In the meantime book publishers get a range of new media available to them: internet, e-books and iPods. So far they have made electronic brochures on the Internet as a marketing tool in the sales of their books. In the Netherlands e-Books are not a hot item, although there is progress. While audio books on CD are now getting into fashion, books on iPod have not been promoted yet.
Book publishers are increasingly confronted with authors who have a site themselves, built by a smart nephew or niece, or have blogs. Book publishers get even offers for new books, based on texts of blogs and reactions from readers. And the publishers are often asked to put one of their books in a cross media package.
For a book publishing company it is hard to address this new world. In most cases these companies have been set up with the mission of producing and selling books. Their whole production scheme is based around the presentations to bookshops and their business model is based on sales through the book shops (so they do not know the readers of the book). This is changing now. Internet bookshops are increasing their sales.

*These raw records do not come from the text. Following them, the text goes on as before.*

text \<open>
  The four scalar identities behind the induction step: the entries of the middle matrix,
  transformed by the arrow matrix P^(-1), are the Cauchy entries.  Here ci, bj, b, c stand
  for conj beta_i, beta_j, beta_N, conj beta_N.
\<close>
lemma congruence_identity_interior:
  fixes a b c ci bj gij giN gNj gNN Sij SiN SNj SNN :: "'a :: field"
  assumes a: "a = b + c"
    and nz: "ci + bj \<noteq> 0" "ci + b \<noteq> 0" "bj + c \<noteq> 0" "c - ci \<noteq> 0" "b - bj \<noteq> 0"
    and Sij: "Sij = (1 + gij) / (ci + bj) + a * (gij - giN - gNj + gNN) / ((c - ci) * (b - bj))"
    and SiN: "SiN = a * (giN - gNN) / (c - ci)"
    and SNj: "SNj = a * (gNj - gNN) / (b - bj)"
    and SNN: "SNN = a + a * gNN"
  shows "((ci - c) / (ci + b)) * (Sij * ((bj - b) / (bj + c)) + SiN * (-1 / (bj + c)))
       + (-1 / (ci + b)) * (SNj * ((bj - b) / (bj + c)) + SNN * (-1 / (bj + c)))
       = (1 + gij) / (ci + bj)"
proof -
  have "((ci - c) / (ci + b)) * (Sij * ((bj - b) / (bj + c)) + SiN * (-1 / (bj + c)))
       + (-1 / (ci + b)) * (SNj * ((bj - b) / (bj + c)) + SNN * (-1 / (bj + c)))
      = ((ci - c) * (bj - b) * Sij - (ci - c) * SiN - (bj - b) * SNj + SNN) / ((ci + b) * (bj + c))"
    using nz(2,3) by (simp add: divide_simps) (simp add: algebra_simps)
  also have "(ci - c) * (bj - b) * Sij = (c - ci) * (b - bj) * (1 + gij) / (ci + bj) + a * (gij - giN - gNj + gNN)"
  proof -
    have "(c - ci) * (b - bj) * (a * (gij - giN - gNj + gNN) / ((c - ci) * (b - bj))) = a * (gij - giN - gNj + gNN)"
      using nz(4,5) by simp
    moreover have "(ci - c) * (bj - b) = (c - ci) * (b - bj)" by (simp add: algebra_simps)
    ultimately show ?thesis unfolding Sij by (simp add: distrib_left)
  qed
  also have "(ci - c) * SiN = - a * (giN - gNN)"
    unfolding SiN using nz(4) by (simp add: field_simps)
  also have "(bj - b) * SNj = - a * (gNj - gNN)"
    unfolding SNj using nz(5) by (simp add: field_simps)
  also have "(c - ci) * (b - bj) * (1 + gij) / (ci + bj) + a * (gij - giN - gNj + gNN)
               - - a * (giN - gNN) - - a * (gNj - gNN) + SNN
             = (1 + gij) * ((c - ci) * (b - bj) + a * (ci + bj)) / (ci + bj)"
    unfolding SNN using nz(1) by (simp add: field_simps)
  also have "(c - ci) * (b - bj) + a * (ci + bj) = (ci + b) * (bj + c)"
    unfolding a by (simp add: algebra_simps)
  finally show ?thesis
    using nz(2,3) by simp
qed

So the book publishers will also have to establish an environment for their readers complete with an entertaining site, an internet bookshop and a backoffice. And the publisher is becoming a domain expert having textual and sometimes photographic content.
Newspaper publishers have started to change around and are still searching for the environment, backoffice and business models. Magazine publishers have done better in some cases. Both types of publishers have news currency as a leading principle to do something with Internet. Bout news currency is usually not an item for a book publisher.
The session was interesting. It was like sparring with ideas and concepts. But in the end the inevitable questions came up: is there a budget for any of the new activities and where do we find the time to attend to an Internet site.